裏返し?これがストレートの愛情表現です(幸村)


裏返し?いえ、これがストレートの愛情表現です


バカだ、バカだと思ってたけど、俺もここまでバカだと思わなかったよ。

でもそこがかわいいんだよね、赤也は。

「で幸村部長!!真田副部長のプレゼントは何にします?!」

あぁ、頼むからそんな純粋な目で俺を見るなよ。

髪をワシャワシャしたくなるだろうが、お隣にいた黒のトイプードルを思い出したじゃないか。

「やっぱり、真田副部長の性格から普段使える物ならもらってくれそうな気がするンスよ。」

「赤也もちゃんと考えているのだな。」

て頭を撫でる柳がドッグリーダーに見えてきた。

「ですが、いきなり父の日と言われても真田君の方が戸惑うと思うのですが…。」

言ってる柳生が戸惑ってる、俺も戸惑いまくり。

紅白コンビは爆笑してるし、ジャッカルも引いてる、もちろん赤也の発想にだ。

何がどうして赤也には一個上、俺達には同い年の仲間に父の日のプレゼントを贈るっていうのさ?

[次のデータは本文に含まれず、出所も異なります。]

(* Let $\rho_0$ be a two-qubit state whose reduced state $\rho_B=\mathrm{Tr}_A[\rho_0]$ on Bob's side is of full rank, and let $$\rho=\frac{1}{4}\Big(\mathbb{1}\otimes\mathbb{1}+\vec{a}\cdot\vec{\sigma}\otimes \mathbb{1}+\sum_{i=x,y,z}T_{i}\,\sigma_{i}\otimes\sigma_{i}\Big)$$ be a canonical form of $\rho_0$ (as defined in the context), with $T=\mathrm{diag}(T_x,T_y,T_z)$. If $$\max_{\hat{x}\in\mathbb{R}^3,\ \|\hat x\|=1} \Big[(\vec{a}\cdot\hat{x})^2+2\,\|T\hat{x}\|\Big] \leq 1,$$ where $\|\cdot\|$ is the Euclidean norm, then $\rho$ is unsteerable from Alice to Bob for arbitrary projective measurements.
   Context: Notation: $\vec\sigma=(\sigma_x,\sigma_y,\sigma_z)$ are the Pauli matrices. Canonical form: given a two-qubit state $\rho_0$ with $\rho_B=\mathrm{Tr}_A\rho_0$ invertible, first form $\rho_1=(\mathbb{1}\otimes\rho_B^{-1/2})\rho_0(\mathbb{1}\otimes\rho_B^{-1/2})/\mathrm{Tr}[(\mathbb{1}\otimes\rho_B^{-1/2})\rho_0(\mathbb{1}\otimes\rho_B^{-1/2})]$, a two-qubit state whose Bob marginal is $\mathbb{1}/2$; then apply local unitaries $U_A\otimes U_B$ so that, in the expansion $\frac14(\mathbb{1}\otimes\mathbb{1}+\vec a\cdot\vec\sigma\otimes\mathbb{1}+\vec b\cdot\vec\sigma\,\otimes... )$ in the local Pauli basis, Bob's local Bloch vector is $0$ and the correlation matrix $T_{ij}=\mathrm{Tr}[\rho\,\sigma_i\otimes\sigma_j]$ is diagonal; the resulting state $\rho$ has the displayed form. Steering: for a bipartite state $\rho$ and measurements on Alice's side given by POVMs $\{M_{a|x}\}_a$, the assemblage is $\sigma_{a|x}=\mathrm{Tr}_A[(M_{a|x}\otimes\mathbb{1})\rho]$. The state $\rho$ is unsteerable from Alice to Bob for projective measurements if there exist a family of positive semidefinite operators $\{\sigma_\lambda\}$ on Bob's qubit with $\int\mathrm{Tr}\,\sigma_\lambda\,d\lambda=1$ and, for every projective measurement $x$ of Alice (i.e. $M_{\pm|\hat x}=(\mathbb{1}\pm\hat x\cdot\vec\sigma)/2$ for any unit vector $\hat x$, together with trivial measurements) and outcome $a$, response probabilities $p(a|x,\lambda)\ge0$ with $\sum_a p(a|x,\lambda)=1$, such that $\sigma_{a|x}=\int \sigma_\lambda\,p(a|x,\lambda)\,d\lambda$ for all $a,x$ (a single local hidden state model for all projective measurements simultaneously). *)

theory Defs
  imports "HOL-Analysis.Analysis"
begin
(* For any $p\in[1,2)$, \[ \|\nabla u\|_{\mathrm L^2(\mathbb T^2)}^2+\|u\|_{\mathrm L^p(\mathbb T^2)}^2\ge\|u\|_{\mathrm L^2(\mathbb T^2)}^2\quad\forall\,u\in\mathrm H^1(\mathbb T^2). \]
   Context: $\mathbb T^2=\mathbb S^1\times\mathbb S^1\approx[-\pi,\pi)^2$ with periodic boundary conditions, equipped with the uniform probability measure $dx\,dy/(4\pi^2)$; all norms are with respect to this measure. *)

theory Defs
  imports "HOL-Analysis.Analysis"
begin

text \<open>The torus T^2 is identified with the fundamental domain [-pi,pi)^2 with
periodic boundary conditions. Functions on T^2 are functions on the plane whose
values on the fundamental domain matter. The measure is the uniform
probability measure dx dy/(4 pi^2) on the fundamental domain.\<close>

definition torus_dom :: "(real \<times> real) set" where
  "torus_dom = {-pi..<pi} \<times> {-pi..<pi}"

definition torus_measure :: "(real \<times> real) measure" where
  "torus_measure = uniform_measure lborel torus_dom"

definition Lp_norm :: "real \<Rightarrow> (real \<times> real \<Rightarrow> real) \<Rightarrow> real" where
  "Lp_norm p u = (\<integral>z. \<bar>u z\<bar> powr p \<partial>torus_measure) powr (1 / p)"

text \<open>Test functions: continuously differentiable functions on the plane,
2 pi-periodic in each variable (i.e. C^1 functions on T^2), with partial
derivatives phix, phiy.\<close>
definition periodic_C1_test ::
  "(real \<times> real \<Rightarrow> real) \<Rightarrow> (real \<times> real \<Rightarrow> real) \<Rightarrow> (real \<times> real \<Rightarrow> real) \<Rightarrow> bool" where
  "periodic_C1_test phi phix phiy \<longleftrightarrow>
     continuous_on UNIV phix \<and> continuous_on UNIV phiy \<and>
     (\<forall>z. (phi has_derivative (\<lambda>h. fst h * phix z + snd h * phiy z)) (at z)) \<and>
     (\<forall>x y. phi (x + 2 * pi, y) = phi (x, y) \<and> phi (x, y + 2 * pi) = phi (x, y))"

definition L2_torus :: "(real \<times> real \<Rightarrow> real) \<Rightarrow> bool" where
  "L2_torus f \<longleftrightarrow> f \<in> borel_measurable torus_measure \<and>
                   integrable torus_measure (\<lambda>z. (f z)\<^sup>2)"

text \<open>(g1, g2) is a weak gradient of u on T^2, and u, g1, g2 are in L^2:
this is exactly u \<in> H^1(T^2) with weak gradient (g1,g2).\<close>
definition H1_weak_gradient ::
  "(real \<times> real \<Rightarrow> real) \<Rightarrow> (real \<times> real \<Rightarrow> real) \<Rightarrow> (real \<times> real \<Rightarrow> real) \<Rightarrow> bool" where
  "H1_weak_gradient u g1 g2 \<longleftrightarrow>
     L2_torus u \<and> L2_torus g1 \<and> L2_torus g2 \<and>
     (\<forall>phi phix phiy. periodic_C1_test phi phix phiy \<longrightarrow>
        (\<integral>z. u z * phix z \<partial>torus_measure) = - (\<integral>z. g1 z * phi z \<partial>torus_measure) \<and>
        (\<integral>z. u z * phiy z \<partial>torus_measure) = - (\<integral>z. g2 z * phi z \<partial>torus_measure))"

definition grad_L2_sq :: "(real \<times> real \<Rightarrow> real) \<Rightarrow> (real \<times> real \<Rightarrow> real) \<Rightarrow> real" where
  "grad_L2_sq g1 g2 = (\<integral>z. (g1 z)\<^sup>2 + (g2 z)\<^sup>2 \<partial>torus_measure)"

end

theory Submission
  imports Defs "HOL-Probability.Probability"
begin

text \<open>Expand \<open>u\<close> in the real trigonometric basis \<open>E\<^sub>k\<^sub>l(x, y) = e\<^sub>k(x) e\<^sub>l(y)\<close> of
  \<open>L\<^sup>2(T\<^sup>2)\<close>, with coefficients \<open>c\<^sub>k\<^sub>l\<close>. Since \<open>\<partial>\<^sub>x E\<^sub>k\<^sub>l = -k E\<^sub>-\<^sub>k\<^sub>l\<close>, testing the weak
  gradient against \<open>E\<^sub>k\<^sub>l\<close> identifies the coefficients of \<open>g\<^sub>1, g\<^sub>2\<close> as \<open>k c\<^sub>-\<^sub>k\<^sub>l, l c\<^sub>k\<^sub>-\<^sub>l\<close>,
  so Bessel's inequality gives \<open>\<Sum> (k\<^sup>2 + l\<^sup>2) c\<^sub>k\<^sub>l\<^sup>2 \<le> \<parallel>\<nabla>u\<parallel>\<^sup>2\<close>. Trigonometric polynomials are
  dense in \<open>L\<^sup>2\<close> (Stone-Weierstrass on the circle, then a Dynkin argument from boxes to all
  Borel sets and simple functions), so \<open>\<parallel>u\<parallel>\<^sub>2\<^sup>2 = \<Sum> c\<^sub>k\<^sub>l\<^sup>2 \<le> c\<^sub>0\<^sub>0\<^sup>2 + \<parallel>\<nabla>u\<parallel>\<^sup>2\<close> because
  \<open>k\<^sup>2 + l\<^sup>2 \<ge> 1\<close> off the origin. Finally \<open>c\<^sub>0\<^sub>0\<close> is the mean of \<open>u\<close>, and
  \<open>|c\<^sub>0\<^sub>0| \<le> \<parallel>u\<parallel>\<^sub>1 \<le> \<parallel>u\<parallel>\<^sub>p\<close> on a probability space.\<close>

definition circle_measure :: "real measure" where
  "circle_measure = uniform_measure lborel {-pi..<pi}"
lemma coeff_eq_0_if_vanishes_on_infinite:
  assumes "infinite A" and "\<forall>\<mu>\<in>A. (\<Sum>k\<le>N. sc (\<mu> ^ k) (c k)) = 0" and "k \<le> N"
  shows "c k = 0"
  using assms
proof (induct N arbitrary: c A k)
  case 0
  then obtain \<mu> where "\<mu> \<in> A"
    by (metis finite.emptyI ex_in_conv)
  with 0 show ?case by auto
next
  case (Suc N)
  obtain \<mu>0 where \<mu>0: "\<mu>0 \<in> A"
    using Suc.prems(1) by (metis finite.emptyI ex_in_conv)
  define d where "d k = (\<Sum>e\<in>{Suc k..Suc N}. sc (\<mu>0 ^ (e - Suc k)) (c e))" for k
  have "(\<Sum>k\<le>N. sc (\<mu> ^ k) (d k)) = 0" if "\<mu> \<in> A - {\<mu>0}" for \<mu>
  proof -
    have "sc (\<mu> - \<mu>0) (\<Sum>k\<le>N. sc (\<mu> ^ k) (d k)) =
        (\<Sum>e\<le>Suc N. sc (\<mu> ^ e) (c e)) - (\<Sum>e\<le>Suc N. sc (\<mu>0 ^ e) (c e))"
      unfolding d_def by (rule sum_scale_powers_diff[symmetric])
    also have "\<dots> = 0"
      using that \<mu>0 Suc.prems(2) by simp
    finally have "sc (\<mu> - \<mu>0) (\<Sum>k\<le>N. sc (\<mu> ^ k) (d k)) = 0" .
    then show ?thesis
      using that by (simp add: scale_eq_0_iff)
  qed
  then have "d k = 0" if "k \<le> N" for k
    using Suc.hyps[of "A - {\<mu>0}" d k] Suc.prems(1) that by auto
  then have top: "c (Suc N) = 0"
    using d_def[of N] by simp
  then have "c k = 0" if "k \<le> N" for k
    using Suc.hyps[of A] Suc.prems(1,2) that by simp
  then show ?case
    using top Suc.prems(3) le_Suc_eq by blast
qed

end

section \<open>Evaluation in an algebraic closure\<close>

lemma alg_closed_roots_01_factorization:
  fixes p :: "'a::alg_closed_field poly"
  assumes "p \<noteq> 0" and roots: "\<And>x. poly p x = 0 \<Longrightarrow> x = 0 \<or> x = 1"
  shows "\<exists>a b. p = smult (lead_coeff p) ([:0, 1:] ^ a * [:-1, 1:] ^ b)"
proof -
  obtain A where A: "p = smult (lead_coeff p) (\<Prod>x\<in>#A. [:-x, 1:])"
    using alg_closed_imp_factorization[OF assms(1)] by blast
  have "x = 0 \<or> x = 1" if "x \<in># A" for x
  proof (rule roots)
    have "poly (\<Prod>x\<in>#A. [:-x, 1:]) x = 0"
      using that by (auto simp: poly_prod_mset prod_mset_zero_iff)
    then show "poly p x = 0"
      by (subst A) simp
  qed
  then have "A = replicate_mset (count A 0) 0 + replicate_mset (count A 1) 1"
    by (intro multiset_eqI) (auto simp: count_eq_zero_iff)
  then have "(\<Prod>x\<in>#A. [:-x, 1:]) = [:0, 1:] ^ count A 0 * [:-1, 1:] ^ count A 1"
    by (metis (no_types, lifting) image_mset_union image_replicate_mset prod_mset.union
        prod_mset_replicate_mset minus_zero)
  then show ?thesis
    using A by metis
qed

definition emb :: "'a::idom \<Rightarrow> 'a fract alg_closure" where
  "emb c = to_ac (to_fract c)"

lemma emb_0 [simp]: "emb 0 = 0"
  and emb_1 [simp]: "emb 1 = 1"
  and emb_add [simp]: "emb (a + b) = emb a + emb b"
  and emb_mult [simp]: "emb (a * b) = emb a * emb b"
  and emb_uminus [simp]: "emb (- a) = - emb a"
  and emb_eq_iff [simp]: "emb a = emb b \<longleftrightarrow> a = b"
  and emb_eq_0_iff [simp]: "emb a = 0 \<longleftrightarrow> a = 0"
  by (simp_all add: emb_def)

lemma emb_sum [simp]: "emb (\<Sum>i\<in>A. f i) = (\<Sum>i\<in>A. emb (f i))"
  by (simp add: emb_def to_ac_sum)

lemma map_poly_emb_add [simp]: "map_poly emb (p + q) = map_poly emb p + map_poly emb q"
  by (rule poly_eqI) (simp add: coeff_map_poly)

lemma map_poly_emb_mult [simp]: "map_poly emb (p * q) = map_poly emb p * map_poly emb q"
  by (rule poly_eqI) (simp add: coeff_map_poly coeff_mult)

lemma map_poly_emb_smult [simp]: "map_poly emb (smult c p) = smult (emb c) (map_poly emb p)"
  by (rule poly_eqI) (simp add: coeff_map_poly)

lemma map_poly_emb_pCons [simp]: "map_poly emb (pCons c p) = pCons (emb c) (map_poly emb p)"
  by (simp add: map_poly_pCons)

lemma map_poly_emb_power [simp]: "map_poly emb (p ^ n) = map_poly emb p ^ n"
  by (induct n) simp_all

lemma map_poly_emb_eq_iff [simp]: "map_poly emb p = map_poly emb q \<longleftrightarrow> p = q"
  by (auto simp: poly_eq_iff coeff_map_poly)

lemma map_poly_emb_eq_0_iff [simp]: "map_poly emb p = 0 \<longleftrightarrow> p = 0"
  using map_poly_emb_eq_iff[of p 0] by (simp del: map_poly_emb_eq_iff)

lemma lead_coeff_map_poly_emb [simp]: "lead_coeff (map_poly emb p) = emb (lead_coeff p)"
  by (simp add: degree_map_poly coeff_map_poly)

definition ev :: "'a fract alg_closure \<Rightarrow> 'a::idom poly \<Rightarrow> 'a fract alg_closure" where
  "ev a g = poly (map_poly emb g) a"

lemma ev_simps [simp]:
  "ev a 0 = 0"
  "ev a (pCons c g) = emb c + a * ev a g"
  "ev a (g1 + g2) = ev a g1 + ev a g2"
  "ev a (g1 * g2) = ev a g1 * ev a g2"
  "ev a (smult c g) = emb c * ev a g"
  by (simp_all add: ev_def)

lemma ev_pcompose: "ev a (pcompose g \<phi>) = ev (ev a \<phi>) g"
  by (induct g) (simp_all add: pcompose_pCons)

lemma ev_monom: "ev a (monom c i) = emb c * a ^ i"
  by (induct i) (simp_all add: monom_Suc monom_0)

lemma ev_eq_sum:
  assumes "degree g \<le> n"
  shows "ev a g = (\<Sum>i\<le>n. emb (coeff g i) * a ^ i)"
  using assms by (simp add: ev_def poly_altdef degree_map_poly coeff_map_poly
      sum.mono_neutral_right[of "{..n}" "{..degree g}"] coeff_eq_0)

(* ev2 a b B = B(a, b): S is evaluated at a and T at b *)
definition ev2 ::
    "'a fract alg_closure \<Rightarrow> 'a fract alg_closure \<Rightarrow> 'a::idom poly poly \<Rightarrow> 'a fract alg_closure" where
  "ev2 a b B = poly (map_poly (ev a) B) b"

lemma ev2_pCons [simp]: "ev2 a b (pCons g B) = ev a g + b * ev2 a b B"
  by (simp add: ev2_def map_poly_pCons)

lemma ev2_0 [simp]: "ev2 a b 0 = 0"
  by (simp add: ev2_def)

lemma ev2_add [simp]: "ev2 a b (B1 + B2) = ev2 a b B1 + ev2 a b B2"
proof (induct B1 arbitrary: B2)
  case (pCons g p)
  obtain h q where "B2 = pCons h q"
    by (cases B2 rule: pCons_cases)
  moreover have "ev2 a b (p + q) = ev2 a b p + ev2 a b q"
    by (rule pCons.hyps(2))
  ultimately show ?case
    by (simp add: algebra_simps)
qed simp

lemma ev2_smult [simp]: "ev2 a b (smult g B) = ev a g * ev2 a b B"
  by (induct B) (simp_all add: algebra_simps)

lemma ev2_mult [simp]: "ev2 a b (B * C) = ev2 a b B * ev2 a b C"
  by (induct B) (simp_all add: algebra_simps)

lemma ev2_sum: "ev2 a b (\<Sum>i\<in>A. f i) = (\<Sum>i\<in>A. ev2 a b (f i))"
  by (induct A rule: infinite_finite_induct) simp_all

lemma ev2_monom: "ev2 a b (monom g j) = ev a g * b ^ j"
  by (induct j) (simp_all add: monom_Suc monom_0)

lemma ev2_subst_ST: "ev2 a b (subst_ST \<phi> B) = ev2 (ev a \<phi>) (ev b \<phi>) B"
proof -
  have const: "ev2 a b (map_poly (\<lambda>c. [:c:]) \<phi>) = ev b \<phi>"
    by (induct \<phi>) (simp_all add: map_poly_pCons)
  have "ev2 a b (pcompose C (map_poly (\<lambda>c. [:c:]) \<phi>)) = poly (map_poly (ev a) C) (ev b \<phi>)" for C
    by (induct C) (simp_all add: pcompose_pCons map_poly_pCons const)
  then show ?thesis
    by (simp add: subst_ST_def ev2_def map_poly_map_poly o_def ev_pcompose)
qed

lemma ev2_homog: "ev2 a b (homog n h) = (\<Sum>i\<le>n. emb (coeff h i) * a ^ i * b ^ (n - i))"
  by (simp add: homog_def ev2_sum ev2_monom ev_monom)

lemma ev2_homog_eq_ev:
  assumes "degree h \<le> n" and "b \<noteq> 0"
  shows "ev2 a b (homog n h) = b ^ n * ev (a / b) h"
proof -
  have "emb (coeff h i) * a ^ i * b ^ (n - i) = b ^ n * (emb (coeff h i) * (a / b) ^ i)"
    if "i \<le> n" for i
  proof -
    have "b ^ n = b ^ (n - i) * b ^ i"
      using that by (simp flip: power_add)
    then show ?thesis
      using assms(2) by (simp add: power_divide field_simps)
  qed
  then show ?thesis
    unfolding ev2_homog ev_eq_sum[OF assms(1)] sum_distrib_left by (intro sum.cong) auto
qed

lemma ev2_at_1:
  assumes "\<forall>i j. N < i + j \<longrightarrow> coeff (coeff B j) i = 0"
  shows "ev2 a 1 B = (\<Sum>k\<le>N. ev a (dehom k B))"
  by (subst (1) sum_homog_dehom[OF assms, symmetric])
    (simp add: ev2_sum ev2_homog_eq_ev degree_dehom)

section \<open>Homogeneous identities\<close>

locale infinite_tf_algebra = tf_algebra sc for sc :: "'k::idom \<Rightarrow> 'r::ring \<Rightarrow> 'r" +
  assumes infinite_scalars: "infinite (UNIV :: 'k set)"
begin

lemma homog_dehom_in_Ann:
  assumes "B \<in> Ann"
  shows "homog k (dehom k B) \<in> Ann"
proof -
  obtain N where "\<forall>i j. N < i + j \<longrightarrow> coeff (coeff B j) i = 0"
    using total_degree_bound by blast
  then have N: "\<forall>i j. max N k < i + j \<longrightarrow> coeff (coeff B j) i = 0"
    by simp
  have "act y (homog k (dehom k B)) x = 0" for x y
  proof (rule coeff_eq_0_if_vanishes_on_infinite[OF infinite_scalars])
    show "\<forall>\<mu>\<in>UNIV. (\<Sum>k\<le>max N k. sc (\<mu> ^ k) (act y (homog k (dehom k B)) x)) = 0"
      using assms by (simp add: Ann_def flip: act_scale[OF N])
  qed simp
  then show ?thesis
    by (simp add: Ann_def)
qed

lemma nonzero_in_Ann_imp_homog_in_Ann:
  assumes "B \<in> Ann" and "B \<noteq> 0"
  shows "\<exists>n h. h \<noteq> 0 \<and> degree h \<le> n \<and> homog n h \<in> Ann"
proof -
  define j where "j = degree B"
  define i where "i = degree (coeff B j)"
  have "coeff (coeff B j) i \<noteq> 0"
    using assms(2) by (simp add: i_def j_def)
  then have "dehom (i + j) B \<noteq> 0"
    by (metis coeff_dehom coeff_0 add_diff_cancel_left' le_add1)
  then show ?thesis
    using homog_dehom_in_Ann[OF assms(1)] degree_dehom by blast
qed

lemma ev2_Ann_at_1:
  assumes "B \<in> Ann" and "\<forall>g\<in>Dehom_Ann. ev \<zeta> g = 0"
  shows "ev2 \<zeta> 1 B = 0"
proof -
  obtain N where "\<forall>i j. N < i + j \<longrightarrow> coeff (coeff B j) i = 0"
    using total_degree_bound by blast
  moreover have "dehom k B \<in> Dehom_Ann" for k
    using assms(1) unfolding Dehom_Ann_def by blast
  ultimately show ?thesis
    using assms(2) by (simp add: ev2_at_1)
qed

lemma common_root_of_Dehom_Ann_is_0_or_1:
  assumes "homog n h \<in> Ann" and "degree h \<le> n" and "h \<noteq> 0"
    and roots: "\<forall>g\<in>Dehom_Ann. ev \<zeta> g = 0"
  shows "\<zeta> = 0 \<or> \<zeta> = 1"
proof (rule ccontr)
  assume "\<not> (\<zeta> = 0 \<or> \<zeta> = 1)"
  then have \<zeta>: "\<zeta> \<noteq> 0" "\<zeta> - 1 \<noteq> 0"
    by auto
  define \<xi> where "\<xi> l = \<zeta> * (1 + \<zeta> * emb l) / (1 + emb l)" for l
  have denom: "1 + emb l \<noteq> 0" if "l \<noteq> -1" for l
    using that emb_eq_0_iff[of "1 + l"] by (auto simp: add_eq_0_iff)
  have "ev (\<xi> l) h = 0" if "l \<noteq> -1" for l
  proof -
    (* substituting y + l y^2 for y turns the common root \<zeta> into the root \<xi> l of h *)
    have "subst_ST [:0, 1, l:] (homog n h) \<in> Ann"
      using assms(1) by (rule Ann_subst)
    then have "ev2 \<zeta> 1 (subst_ST [:0, 1, l:] (homog n h)) = 0"
      using roots by (rule ev2_Ann_at_1)
    moreover have "ev \<zeta> [:0, 1, l:] = \<zeta> * (1 + \<zeta> * emb l)" "ev 1 [:0, 1, l:] = 1 + emb l"
      by (simp_all add: algebra_simps)
    ultimately have "ev2 (\<zeta> * (1 + \<zeta> * emb l)) (1 + emb l) (homog n h) = 0"
      by (simp add: ev2_subst_ST)
    then show ?thesis
      using denom[OF that] by (simp add: ev2_homog_eq_ev[OF assms(2)] \<xi>_def)
  qed
  then have "\<xi> ` {l. l \<noteq> -1} \<subseteq> {x. poly (map_poly emb h) x = 0}"
    by (auto simp: ev_def)
  then have "finite (\<xi> ` {l. l \<noteq> -1})"
    using assms(3) by (metis finite_subset map_poly_emb_eq_0_iff poly_roots_finite)
  moreover have "inj_on \<xi> {l. l \<noteq> -1}"
  proof (rule inj_onI)
    fix l m
    assume "l \<in> {l. l \<noteq> -1}" "m \<in> {l. l \<noteq> -1}" and eq: "\<xi> l = \<xi> m"
    then have "1 + emb l \<noteq> 0" "1 + emb m \<noteq> 0"
      using denom by auto
    then have "\<zeta> * (1 + \<zeta> * emb l) * (1 + emb m) = \<zeta> * (1 + \<zeta> * emb m) * (1 + emb l)"
      using eq unfolding \<xi>_def by (metis frac_eq_eq)
    then have "\<zeta> * (\<zeta> - 1) * (emb l - emb m) = 0"
      by (simp add: algebra_simps)
    then show "l = m"
      using \<zeta> by simp
  qed
  ultimately have "finite {l :: 'k. l \<noteq> -1}"
    using finite_imageD by blast
  then show False
    using infinite_scalars by (simp add: Collect_neg_eq)
qed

「俺、マジ真田副部長尊敬してンスよ!!ウチの父ちゃんは出張魔であんまり父親って実感ないンスけど、真田副部長に初めて怒られた時、これが父親か!!って感動したッス!!」

「…俺は赤也の発想を尊敬するよ。」

俺の父親は週一の割合で土下座してるから、結婚して子供が生まれたら、男は女に逆らったら生きていけないものなのかと思ってたくらいだからね。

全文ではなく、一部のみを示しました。